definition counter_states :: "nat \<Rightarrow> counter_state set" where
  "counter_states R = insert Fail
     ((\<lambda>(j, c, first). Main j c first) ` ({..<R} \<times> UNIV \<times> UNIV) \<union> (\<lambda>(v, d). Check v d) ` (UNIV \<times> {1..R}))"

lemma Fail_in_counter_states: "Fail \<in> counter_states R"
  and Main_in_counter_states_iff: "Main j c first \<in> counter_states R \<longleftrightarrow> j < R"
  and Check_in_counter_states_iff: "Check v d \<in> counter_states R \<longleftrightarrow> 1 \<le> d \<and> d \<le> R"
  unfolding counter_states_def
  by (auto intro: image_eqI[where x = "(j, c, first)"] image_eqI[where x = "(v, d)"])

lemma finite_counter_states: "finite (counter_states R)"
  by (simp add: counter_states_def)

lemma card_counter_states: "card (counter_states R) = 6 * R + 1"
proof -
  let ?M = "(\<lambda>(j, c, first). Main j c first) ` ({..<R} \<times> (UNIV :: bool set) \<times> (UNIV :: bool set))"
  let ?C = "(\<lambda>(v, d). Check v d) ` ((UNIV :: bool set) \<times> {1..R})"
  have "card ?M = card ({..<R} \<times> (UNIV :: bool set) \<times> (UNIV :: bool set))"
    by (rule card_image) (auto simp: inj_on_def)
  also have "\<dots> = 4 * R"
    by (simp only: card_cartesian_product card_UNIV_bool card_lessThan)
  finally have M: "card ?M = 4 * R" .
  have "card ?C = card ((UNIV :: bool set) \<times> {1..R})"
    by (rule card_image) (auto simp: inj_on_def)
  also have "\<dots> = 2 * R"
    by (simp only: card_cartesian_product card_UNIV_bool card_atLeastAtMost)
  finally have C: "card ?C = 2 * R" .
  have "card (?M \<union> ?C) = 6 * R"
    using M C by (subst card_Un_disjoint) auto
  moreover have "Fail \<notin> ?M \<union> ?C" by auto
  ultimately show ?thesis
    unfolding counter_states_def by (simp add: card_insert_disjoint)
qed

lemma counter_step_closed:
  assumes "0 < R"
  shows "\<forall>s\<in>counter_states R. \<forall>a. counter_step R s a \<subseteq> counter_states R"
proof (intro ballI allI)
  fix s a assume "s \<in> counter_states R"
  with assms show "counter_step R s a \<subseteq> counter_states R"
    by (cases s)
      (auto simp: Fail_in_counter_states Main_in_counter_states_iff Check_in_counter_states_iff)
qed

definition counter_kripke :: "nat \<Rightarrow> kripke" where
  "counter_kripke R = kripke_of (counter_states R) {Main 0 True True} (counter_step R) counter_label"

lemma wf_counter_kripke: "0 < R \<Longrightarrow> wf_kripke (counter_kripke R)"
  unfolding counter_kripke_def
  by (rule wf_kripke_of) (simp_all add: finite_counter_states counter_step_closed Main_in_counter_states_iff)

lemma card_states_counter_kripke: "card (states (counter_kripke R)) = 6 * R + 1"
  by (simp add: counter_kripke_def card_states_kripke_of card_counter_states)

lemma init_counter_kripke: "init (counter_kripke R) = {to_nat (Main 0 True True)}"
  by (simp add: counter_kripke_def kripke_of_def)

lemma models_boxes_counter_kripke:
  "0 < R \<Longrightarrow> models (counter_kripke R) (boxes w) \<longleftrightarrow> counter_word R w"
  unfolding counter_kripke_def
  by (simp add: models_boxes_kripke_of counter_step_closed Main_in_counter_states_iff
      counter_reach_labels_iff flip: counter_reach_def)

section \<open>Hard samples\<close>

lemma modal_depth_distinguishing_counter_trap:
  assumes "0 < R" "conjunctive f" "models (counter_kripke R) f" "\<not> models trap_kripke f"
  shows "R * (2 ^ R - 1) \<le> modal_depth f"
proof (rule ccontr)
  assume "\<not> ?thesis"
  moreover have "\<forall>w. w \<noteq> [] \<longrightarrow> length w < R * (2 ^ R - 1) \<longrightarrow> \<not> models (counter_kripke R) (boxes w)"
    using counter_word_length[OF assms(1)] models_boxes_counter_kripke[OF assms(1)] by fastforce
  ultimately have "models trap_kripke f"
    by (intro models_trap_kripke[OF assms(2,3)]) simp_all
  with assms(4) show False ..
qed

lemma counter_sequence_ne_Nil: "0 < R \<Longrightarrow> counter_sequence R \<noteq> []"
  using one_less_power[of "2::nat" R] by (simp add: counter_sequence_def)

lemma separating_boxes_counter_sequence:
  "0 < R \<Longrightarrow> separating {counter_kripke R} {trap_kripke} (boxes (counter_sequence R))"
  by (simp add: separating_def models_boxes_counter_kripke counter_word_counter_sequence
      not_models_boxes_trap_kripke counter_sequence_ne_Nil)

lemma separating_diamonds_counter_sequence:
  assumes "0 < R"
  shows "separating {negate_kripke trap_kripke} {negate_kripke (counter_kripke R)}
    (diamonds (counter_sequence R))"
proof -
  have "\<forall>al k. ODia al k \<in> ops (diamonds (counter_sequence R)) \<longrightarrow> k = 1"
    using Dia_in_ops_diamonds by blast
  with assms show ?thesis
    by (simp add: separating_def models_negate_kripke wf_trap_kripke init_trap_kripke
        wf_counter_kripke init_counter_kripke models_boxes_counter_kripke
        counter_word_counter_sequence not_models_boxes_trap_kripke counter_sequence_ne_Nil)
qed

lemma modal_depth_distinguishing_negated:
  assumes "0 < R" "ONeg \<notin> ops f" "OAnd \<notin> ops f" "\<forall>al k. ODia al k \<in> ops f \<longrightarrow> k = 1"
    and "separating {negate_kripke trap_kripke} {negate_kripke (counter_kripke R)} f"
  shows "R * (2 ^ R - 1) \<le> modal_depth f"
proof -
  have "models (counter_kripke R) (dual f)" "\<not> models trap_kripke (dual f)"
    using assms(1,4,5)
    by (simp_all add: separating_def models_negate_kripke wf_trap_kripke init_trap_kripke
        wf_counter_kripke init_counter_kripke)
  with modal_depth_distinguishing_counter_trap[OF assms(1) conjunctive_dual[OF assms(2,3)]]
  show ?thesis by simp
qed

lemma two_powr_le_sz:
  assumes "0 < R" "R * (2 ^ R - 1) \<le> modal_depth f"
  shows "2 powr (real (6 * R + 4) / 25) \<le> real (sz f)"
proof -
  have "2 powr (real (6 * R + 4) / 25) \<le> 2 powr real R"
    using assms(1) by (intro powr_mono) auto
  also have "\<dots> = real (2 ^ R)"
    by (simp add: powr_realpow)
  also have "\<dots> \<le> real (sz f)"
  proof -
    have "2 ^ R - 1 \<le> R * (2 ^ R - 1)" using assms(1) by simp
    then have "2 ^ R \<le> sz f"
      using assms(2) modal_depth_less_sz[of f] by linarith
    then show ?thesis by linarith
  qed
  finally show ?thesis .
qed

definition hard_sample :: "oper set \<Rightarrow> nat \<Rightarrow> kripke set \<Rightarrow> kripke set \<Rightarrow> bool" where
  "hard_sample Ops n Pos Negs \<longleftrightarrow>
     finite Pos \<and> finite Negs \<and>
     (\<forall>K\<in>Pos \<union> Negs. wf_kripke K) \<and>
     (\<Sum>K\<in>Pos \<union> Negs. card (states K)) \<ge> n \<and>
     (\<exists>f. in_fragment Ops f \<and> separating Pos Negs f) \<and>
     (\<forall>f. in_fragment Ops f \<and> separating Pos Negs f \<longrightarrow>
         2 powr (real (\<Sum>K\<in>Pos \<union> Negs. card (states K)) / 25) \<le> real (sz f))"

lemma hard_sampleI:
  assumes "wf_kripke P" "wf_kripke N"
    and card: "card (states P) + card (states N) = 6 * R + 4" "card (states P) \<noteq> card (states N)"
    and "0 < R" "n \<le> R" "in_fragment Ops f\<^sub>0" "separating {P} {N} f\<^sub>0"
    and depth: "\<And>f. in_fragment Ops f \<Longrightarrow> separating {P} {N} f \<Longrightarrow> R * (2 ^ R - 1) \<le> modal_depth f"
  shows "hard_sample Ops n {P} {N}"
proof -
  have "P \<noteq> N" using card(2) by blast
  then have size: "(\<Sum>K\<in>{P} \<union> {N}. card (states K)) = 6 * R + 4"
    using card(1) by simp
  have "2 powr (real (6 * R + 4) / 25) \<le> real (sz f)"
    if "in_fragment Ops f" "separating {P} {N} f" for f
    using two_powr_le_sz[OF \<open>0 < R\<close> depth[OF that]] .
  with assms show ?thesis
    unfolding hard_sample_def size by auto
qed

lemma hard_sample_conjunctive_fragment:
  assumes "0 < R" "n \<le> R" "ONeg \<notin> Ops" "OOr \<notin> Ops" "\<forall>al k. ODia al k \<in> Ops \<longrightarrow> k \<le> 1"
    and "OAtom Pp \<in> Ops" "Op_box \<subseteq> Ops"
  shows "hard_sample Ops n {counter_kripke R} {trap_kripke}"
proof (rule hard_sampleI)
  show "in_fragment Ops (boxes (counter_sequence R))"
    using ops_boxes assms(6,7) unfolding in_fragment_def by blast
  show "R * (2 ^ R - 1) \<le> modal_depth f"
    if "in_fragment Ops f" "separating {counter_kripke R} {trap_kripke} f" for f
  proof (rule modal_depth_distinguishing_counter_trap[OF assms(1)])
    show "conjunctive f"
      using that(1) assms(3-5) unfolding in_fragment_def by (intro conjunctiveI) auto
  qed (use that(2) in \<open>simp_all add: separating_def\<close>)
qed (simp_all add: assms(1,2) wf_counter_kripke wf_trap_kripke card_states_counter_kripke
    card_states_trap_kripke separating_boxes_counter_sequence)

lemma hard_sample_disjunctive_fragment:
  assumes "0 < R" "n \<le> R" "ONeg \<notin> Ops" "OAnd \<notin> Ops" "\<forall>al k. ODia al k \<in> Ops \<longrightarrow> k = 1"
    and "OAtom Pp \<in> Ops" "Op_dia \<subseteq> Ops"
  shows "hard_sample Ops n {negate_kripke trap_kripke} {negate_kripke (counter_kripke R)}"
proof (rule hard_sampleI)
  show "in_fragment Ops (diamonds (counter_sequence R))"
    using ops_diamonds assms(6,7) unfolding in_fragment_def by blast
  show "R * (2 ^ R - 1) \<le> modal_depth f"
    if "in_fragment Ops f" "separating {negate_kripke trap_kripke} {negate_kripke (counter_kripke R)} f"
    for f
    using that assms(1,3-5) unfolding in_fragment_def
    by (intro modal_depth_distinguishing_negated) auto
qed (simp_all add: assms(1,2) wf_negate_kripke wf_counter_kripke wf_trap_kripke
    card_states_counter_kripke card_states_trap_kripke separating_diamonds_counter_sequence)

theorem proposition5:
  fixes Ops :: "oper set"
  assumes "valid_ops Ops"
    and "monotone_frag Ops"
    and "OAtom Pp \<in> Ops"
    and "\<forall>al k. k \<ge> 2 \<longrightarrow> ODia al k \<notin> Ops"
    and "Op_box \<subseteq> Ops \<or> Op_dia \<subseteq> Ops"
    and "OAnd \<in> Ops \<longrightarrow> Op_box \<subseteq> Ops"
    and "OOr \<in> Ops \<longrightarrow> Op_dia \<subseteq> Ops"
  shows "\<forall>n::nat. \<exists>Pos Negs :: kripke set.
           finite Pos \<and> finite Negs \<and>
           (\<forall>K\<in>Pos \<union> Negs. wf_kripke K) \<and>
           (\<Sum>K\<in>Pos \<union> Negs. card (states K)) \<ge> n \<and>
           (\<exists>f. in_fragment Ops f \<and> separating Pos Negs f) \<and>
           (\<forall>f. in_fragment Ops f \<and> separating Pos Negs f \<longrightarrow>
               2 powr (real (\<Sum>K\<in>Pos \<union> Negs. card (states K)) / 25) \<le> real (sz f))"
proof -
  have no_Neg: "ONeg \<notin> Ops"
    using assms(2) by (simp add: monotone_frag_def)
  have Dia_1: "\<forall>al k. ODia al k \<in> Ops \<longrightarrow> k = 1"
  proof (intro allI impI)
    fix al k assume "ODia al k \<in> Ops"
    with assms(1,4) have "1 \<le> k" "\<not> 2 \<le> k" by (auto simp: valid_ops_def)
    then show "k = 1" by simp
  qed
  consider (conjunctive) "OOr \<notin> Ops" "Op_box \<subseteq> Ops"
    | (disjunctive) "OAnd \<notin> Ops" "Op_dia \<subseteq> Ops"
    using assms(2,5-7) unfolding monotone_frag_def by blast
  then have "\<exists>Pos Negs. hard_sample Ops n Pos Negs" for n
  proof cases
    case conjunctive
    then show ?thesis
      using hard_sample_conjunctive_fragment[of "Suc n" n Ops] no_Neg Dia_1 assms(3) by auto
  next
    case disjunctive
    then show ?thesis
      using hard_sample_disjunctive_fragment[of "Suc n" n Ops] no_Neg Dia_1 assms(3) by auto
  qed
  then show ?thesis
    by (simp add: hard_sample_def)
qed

============================================================

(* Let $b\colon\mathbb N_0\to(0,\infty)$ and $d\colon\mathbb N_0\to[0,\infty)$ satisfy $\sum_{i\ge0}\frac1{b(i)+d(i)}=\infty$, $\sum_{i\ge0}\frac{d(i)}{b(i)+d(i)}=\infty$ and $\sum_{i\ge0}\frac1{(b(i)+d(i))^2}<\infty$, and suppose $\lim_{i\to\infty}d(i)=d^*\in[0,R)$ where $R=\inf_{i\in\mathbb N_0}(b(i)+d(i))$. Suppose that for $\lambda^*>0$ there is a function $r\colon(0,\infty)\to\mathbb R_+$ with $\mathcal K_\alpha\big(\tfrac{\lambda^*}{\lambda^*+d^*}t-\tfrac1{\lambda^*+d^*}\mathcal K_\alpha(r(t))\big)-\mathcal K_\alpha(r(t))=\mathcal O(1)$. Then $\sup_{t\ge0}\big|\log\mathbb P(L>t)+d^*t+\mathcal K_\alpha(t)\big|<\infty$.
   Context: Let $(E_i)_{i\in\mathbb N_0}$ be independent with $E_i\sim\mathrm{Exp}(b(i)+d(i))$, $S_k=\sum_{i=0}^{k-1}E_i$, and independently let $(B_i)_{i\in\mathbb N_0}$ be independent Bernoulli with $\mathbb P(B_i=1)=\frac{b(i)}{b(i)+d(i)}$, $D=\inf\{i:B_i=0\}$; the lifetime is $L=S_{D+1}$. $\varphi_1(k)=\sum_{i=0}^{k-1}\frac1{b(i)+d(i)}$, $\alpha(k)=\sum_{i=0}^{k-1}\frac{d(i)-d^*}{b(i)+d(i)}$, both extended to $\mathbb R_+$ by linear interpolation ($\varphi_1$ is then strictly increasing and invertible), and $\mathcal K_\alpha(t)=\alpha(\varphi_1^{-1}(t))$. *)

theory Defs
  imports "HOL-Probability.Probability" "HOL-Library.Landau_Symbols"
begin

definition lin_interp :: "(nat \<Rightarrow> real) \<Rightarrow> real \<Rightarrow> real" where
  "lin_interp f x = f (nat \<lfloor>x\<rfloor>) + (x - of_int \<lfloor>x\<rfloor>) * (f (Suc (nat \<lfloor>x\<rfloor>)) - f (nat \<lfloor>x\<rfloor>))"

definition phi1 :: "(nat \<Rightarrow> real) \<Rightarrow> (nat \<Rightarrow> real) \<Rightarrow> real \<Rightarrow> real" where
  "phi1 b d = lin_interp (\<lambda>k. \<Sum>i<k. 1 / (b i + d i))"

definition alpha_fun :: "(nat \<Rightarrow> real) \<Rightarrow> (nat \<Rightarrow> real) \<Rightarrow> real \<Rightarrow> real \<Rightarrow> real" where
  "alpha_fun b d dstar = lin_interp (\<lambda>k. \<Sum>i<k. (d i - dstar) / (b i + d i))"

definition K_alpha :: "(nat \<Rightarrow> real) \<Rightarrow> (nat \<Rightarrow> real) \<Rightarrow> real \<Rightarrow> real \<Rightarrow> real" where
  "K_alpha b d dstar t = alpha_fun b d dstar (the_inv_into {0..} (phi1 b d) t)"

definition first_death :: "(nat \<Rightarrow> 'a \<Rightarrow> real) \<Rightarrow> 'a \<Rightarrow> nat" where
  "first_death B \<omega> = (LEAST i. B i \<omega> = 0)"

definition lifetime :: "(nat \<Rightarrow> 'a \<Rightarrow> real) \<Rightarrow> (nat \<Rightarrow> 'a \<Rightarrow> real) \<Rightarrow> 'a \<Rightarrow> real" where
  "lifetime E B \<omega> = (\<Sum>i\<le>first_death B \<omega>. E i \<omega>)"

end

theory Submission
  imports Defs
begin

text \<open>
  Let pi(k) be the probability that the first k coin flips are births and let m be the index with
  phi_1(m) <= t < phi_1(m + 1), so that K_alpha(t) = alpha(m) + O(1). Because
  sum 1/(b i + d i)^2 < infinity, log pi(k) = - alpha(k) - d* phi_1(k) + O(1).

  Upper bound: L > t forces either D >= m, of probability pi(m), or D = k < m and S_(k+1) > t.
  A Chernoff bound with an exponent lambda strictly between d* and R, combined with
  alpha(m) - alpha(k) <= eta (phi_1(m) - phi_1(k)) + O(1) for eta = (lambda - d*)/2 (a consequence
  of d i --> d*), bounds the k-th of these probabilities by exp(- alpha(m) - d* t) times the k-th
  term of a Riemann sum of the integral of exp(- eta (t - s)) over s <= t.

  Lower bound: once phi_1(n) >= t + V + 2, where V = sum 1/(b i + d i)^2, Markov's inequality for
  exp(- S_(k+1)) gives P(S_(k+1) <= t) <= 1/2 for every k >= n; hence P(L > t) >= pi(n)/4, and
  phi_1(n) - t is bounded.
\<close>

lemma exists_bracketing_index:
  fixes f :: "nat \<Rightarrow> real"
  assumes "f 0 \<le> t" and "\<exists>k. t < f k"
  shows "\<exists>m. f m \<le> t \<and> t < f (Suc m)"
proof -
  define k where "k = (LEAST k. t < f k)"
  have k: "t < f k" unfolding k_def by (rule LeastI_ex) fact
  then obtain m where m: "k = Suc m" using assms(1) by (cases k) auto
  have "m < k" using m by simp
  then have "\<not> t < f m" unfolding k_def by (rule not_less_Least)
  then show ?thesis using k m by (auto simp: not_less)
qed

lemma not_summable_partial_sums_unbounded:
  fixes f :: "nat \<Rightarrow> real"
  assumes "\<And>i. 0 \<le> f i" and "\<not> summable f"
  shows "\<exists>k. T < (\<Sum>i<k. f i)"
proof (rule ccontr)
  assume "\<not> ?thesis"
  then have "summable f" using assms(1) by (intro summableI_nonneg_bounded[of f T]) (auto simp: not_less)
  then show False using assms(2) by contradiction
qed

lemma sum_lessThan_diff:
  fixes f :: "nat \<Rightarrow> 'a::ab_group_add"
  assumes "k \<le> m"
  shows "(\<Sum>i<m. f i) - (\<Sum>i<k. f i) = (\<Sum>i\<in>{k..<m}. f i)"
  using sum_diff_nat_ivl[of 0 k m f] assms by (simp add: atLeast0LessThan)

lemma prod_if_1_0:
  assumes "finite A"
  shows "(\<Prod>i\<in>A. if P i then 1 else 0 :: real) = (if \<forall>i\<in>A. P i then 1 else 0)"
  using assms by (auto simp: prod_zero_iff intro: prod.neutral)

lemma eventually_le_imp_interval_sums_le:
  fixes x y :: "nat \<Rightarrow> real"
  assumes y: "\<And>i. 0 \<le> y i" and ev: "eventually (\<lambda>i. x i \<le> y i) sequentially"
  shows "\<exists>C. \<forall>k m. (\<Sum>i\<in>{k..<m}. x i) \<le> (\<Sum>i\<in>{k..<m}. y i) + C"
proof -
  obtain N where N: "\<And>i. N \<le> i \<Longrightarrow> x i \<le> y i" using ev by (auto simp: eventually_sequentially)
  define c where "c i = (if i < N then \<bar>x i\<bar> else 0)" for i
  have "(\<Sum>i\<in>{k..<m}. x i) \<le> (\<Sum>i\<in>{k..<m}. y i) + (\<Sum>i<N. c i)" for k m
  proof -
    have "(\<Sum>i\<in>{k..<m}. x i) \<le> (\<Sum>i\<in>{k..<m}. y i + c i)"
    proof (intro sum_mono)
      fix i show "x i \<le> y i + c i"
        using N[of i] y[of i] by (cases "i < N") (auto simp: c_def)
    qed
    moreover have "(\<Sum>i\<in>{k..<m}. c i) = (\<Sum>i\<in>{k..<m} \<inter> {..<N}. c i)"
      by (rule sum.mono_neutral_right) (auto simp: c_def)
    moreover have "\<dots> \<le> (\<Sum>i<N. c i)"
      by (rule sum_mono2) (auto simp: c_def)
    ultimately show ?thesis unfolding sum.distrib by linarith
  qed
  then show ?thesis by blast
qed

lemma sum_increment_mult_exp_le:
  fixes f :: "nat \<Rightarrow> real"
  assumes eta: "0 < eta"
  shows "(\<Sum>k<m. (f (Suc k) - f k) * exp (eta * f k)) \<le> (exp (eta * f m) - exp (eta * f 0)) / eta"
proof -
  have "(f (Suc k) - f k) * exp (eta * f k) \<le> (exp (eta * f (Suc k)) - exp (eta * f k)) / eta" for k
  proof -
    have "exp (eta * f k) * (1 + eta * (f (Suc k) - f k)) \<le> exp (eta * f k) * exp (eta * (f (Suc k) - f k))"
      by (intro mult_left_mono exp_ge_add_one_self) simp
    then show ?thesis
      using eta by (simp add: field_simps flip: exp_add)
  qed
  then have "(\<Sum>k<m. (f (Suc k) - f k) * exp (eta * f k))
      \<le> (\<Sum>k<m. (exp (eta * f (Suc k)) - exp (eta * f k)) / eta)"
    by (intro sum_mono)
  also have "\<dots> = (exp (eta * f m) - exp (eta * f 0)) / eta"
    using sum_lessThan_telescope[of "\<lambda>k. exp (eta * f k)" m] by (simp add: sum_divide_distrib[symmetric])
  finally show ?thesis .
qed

============================================================

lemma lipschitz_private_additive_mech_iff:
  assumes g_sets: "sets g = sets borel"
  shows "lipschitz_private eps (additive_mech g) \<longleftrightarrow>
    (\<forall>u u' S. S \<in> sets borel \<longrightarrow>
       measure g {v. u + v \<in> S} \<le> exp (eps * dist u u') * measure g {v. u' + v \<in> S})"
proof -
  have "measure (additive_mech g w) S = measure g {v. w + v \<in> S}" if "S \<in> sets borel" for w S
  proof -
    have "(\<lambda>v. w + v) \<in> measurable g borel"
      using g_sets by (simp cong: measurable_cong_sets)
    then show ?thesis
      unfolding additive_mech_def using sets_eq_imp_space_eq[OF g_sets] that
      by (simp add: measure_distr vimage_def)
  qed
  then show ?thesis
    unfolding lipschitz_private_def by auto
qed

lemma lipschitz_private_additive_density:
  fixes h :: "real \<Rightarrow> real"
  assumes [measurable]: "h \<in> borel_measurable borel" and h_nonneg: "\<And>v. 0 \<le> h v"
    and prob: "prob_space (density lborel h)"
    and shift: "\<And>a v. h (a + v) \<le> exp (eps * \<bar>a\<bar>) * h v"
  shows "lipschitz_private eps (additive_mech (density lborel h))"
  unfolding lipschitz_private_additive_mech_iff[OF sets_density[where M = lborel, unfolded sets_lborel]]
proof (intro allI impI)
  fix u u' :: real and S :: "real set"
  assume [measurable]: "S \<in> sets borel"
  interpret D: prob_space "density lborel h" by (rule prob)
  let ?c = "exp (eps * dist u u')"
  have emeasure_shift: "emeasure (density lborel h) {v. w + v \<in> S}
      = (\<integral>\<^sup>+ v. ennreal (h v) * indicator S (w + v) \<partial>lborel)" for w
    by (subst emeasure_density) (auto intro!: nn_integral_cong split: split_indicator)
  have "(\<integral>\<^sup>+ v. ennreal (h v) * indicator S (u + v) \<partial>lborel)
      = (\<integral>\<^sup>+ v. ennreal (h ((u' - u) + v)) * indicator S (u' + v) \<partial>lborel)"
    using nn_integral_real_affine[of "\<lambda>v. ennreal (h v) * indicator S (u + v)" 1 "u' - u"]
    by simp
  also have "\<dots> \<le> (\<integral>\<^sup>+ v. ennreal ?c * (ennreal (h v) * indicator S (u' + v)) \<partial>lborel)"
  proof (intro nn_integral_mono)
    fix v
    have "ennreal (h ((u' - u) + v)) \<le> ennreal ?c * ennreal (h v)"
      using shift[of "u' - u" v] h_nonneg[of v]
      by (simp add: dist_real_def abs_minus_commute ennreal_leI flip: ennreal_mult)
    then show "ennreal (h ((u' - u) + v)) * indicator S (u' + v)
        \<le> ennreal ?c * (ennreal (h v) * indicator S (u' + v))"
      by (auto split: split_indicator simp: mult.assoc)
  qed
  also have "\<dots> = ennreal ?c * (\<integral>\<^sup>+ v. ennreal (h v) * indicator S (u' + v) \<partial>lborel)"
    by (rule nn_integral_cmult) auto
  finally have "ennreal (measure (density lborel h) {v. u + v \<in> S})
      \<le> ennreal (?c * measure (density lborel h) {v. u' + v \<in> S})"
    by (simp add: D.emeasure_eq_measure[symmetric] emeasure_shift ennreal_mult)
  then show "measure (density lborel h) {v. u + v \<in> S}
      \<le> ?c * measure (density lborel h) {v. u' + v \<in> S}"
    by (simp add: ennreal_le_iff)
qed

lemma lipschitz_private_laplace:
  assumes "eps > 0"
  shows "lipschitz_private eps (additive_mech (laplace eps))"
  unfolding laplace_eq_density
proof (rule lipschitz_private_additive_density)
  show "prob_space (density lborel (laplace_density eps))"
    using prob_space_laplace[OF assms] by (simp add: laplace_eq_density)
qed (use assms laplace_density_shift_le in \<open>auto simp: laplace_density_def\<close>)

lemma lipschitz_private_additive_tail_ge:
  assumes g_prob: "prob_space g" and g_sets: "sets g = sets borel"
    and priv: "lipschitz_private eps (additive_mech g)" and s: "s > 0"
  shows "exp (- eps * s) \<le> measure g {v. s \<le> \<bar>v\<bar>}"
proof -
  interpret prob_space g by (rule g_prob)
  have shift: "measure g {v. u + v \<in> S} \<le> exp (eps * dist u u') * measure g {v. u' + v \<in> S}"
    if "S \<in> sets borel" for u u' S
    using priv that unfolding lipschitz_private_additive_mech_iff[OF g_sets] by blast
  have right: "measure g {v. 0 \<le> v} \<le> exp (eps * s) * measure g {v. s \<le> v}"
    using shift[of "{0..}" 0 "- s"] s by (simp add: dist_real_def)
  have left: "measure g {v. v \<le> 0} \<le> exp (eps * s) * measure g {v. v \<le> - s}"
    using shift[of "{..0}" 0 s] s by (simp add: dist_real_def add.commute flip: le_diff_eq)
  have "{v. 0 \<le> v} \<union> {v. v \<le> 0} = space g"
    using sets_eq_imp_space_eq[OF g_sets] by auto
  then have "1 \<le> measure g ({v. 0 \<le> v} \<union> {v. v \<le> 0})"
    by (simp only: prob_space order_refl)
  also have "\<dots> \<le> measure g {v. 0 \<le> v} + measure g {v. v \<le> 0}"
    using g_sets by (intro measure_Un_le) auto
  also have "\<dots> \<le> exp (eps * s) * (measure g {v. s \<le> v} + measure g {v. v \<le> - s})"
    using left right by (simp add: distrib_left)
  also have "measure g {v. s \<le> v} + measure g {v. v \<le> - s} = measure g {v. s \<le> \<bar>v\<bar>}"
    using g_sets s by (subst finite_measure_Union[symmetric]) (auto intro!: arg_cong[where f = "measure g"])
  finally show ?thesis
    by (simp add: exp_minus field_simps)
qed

============================================================

▶ _YOUR INSTRUCTIONS_
For each line in the material above that contains the string "fixes", make a copy.

▶ _TASK OUTPUT_
  fixes Ops :: "oper set"
  fixes f :: "nat \<Rightarrow> real"
  fixes f :: "nat \<Rightarrow> real"
  fixes f :: "nat \<Rightarrow> 'a::ab_group_add"
  fixes x y :: "nat \<Rightarrow> real"
  fixes f :: "nat \<Rightarrow> real"
  fixes h :: "real \<Rightarrow> real"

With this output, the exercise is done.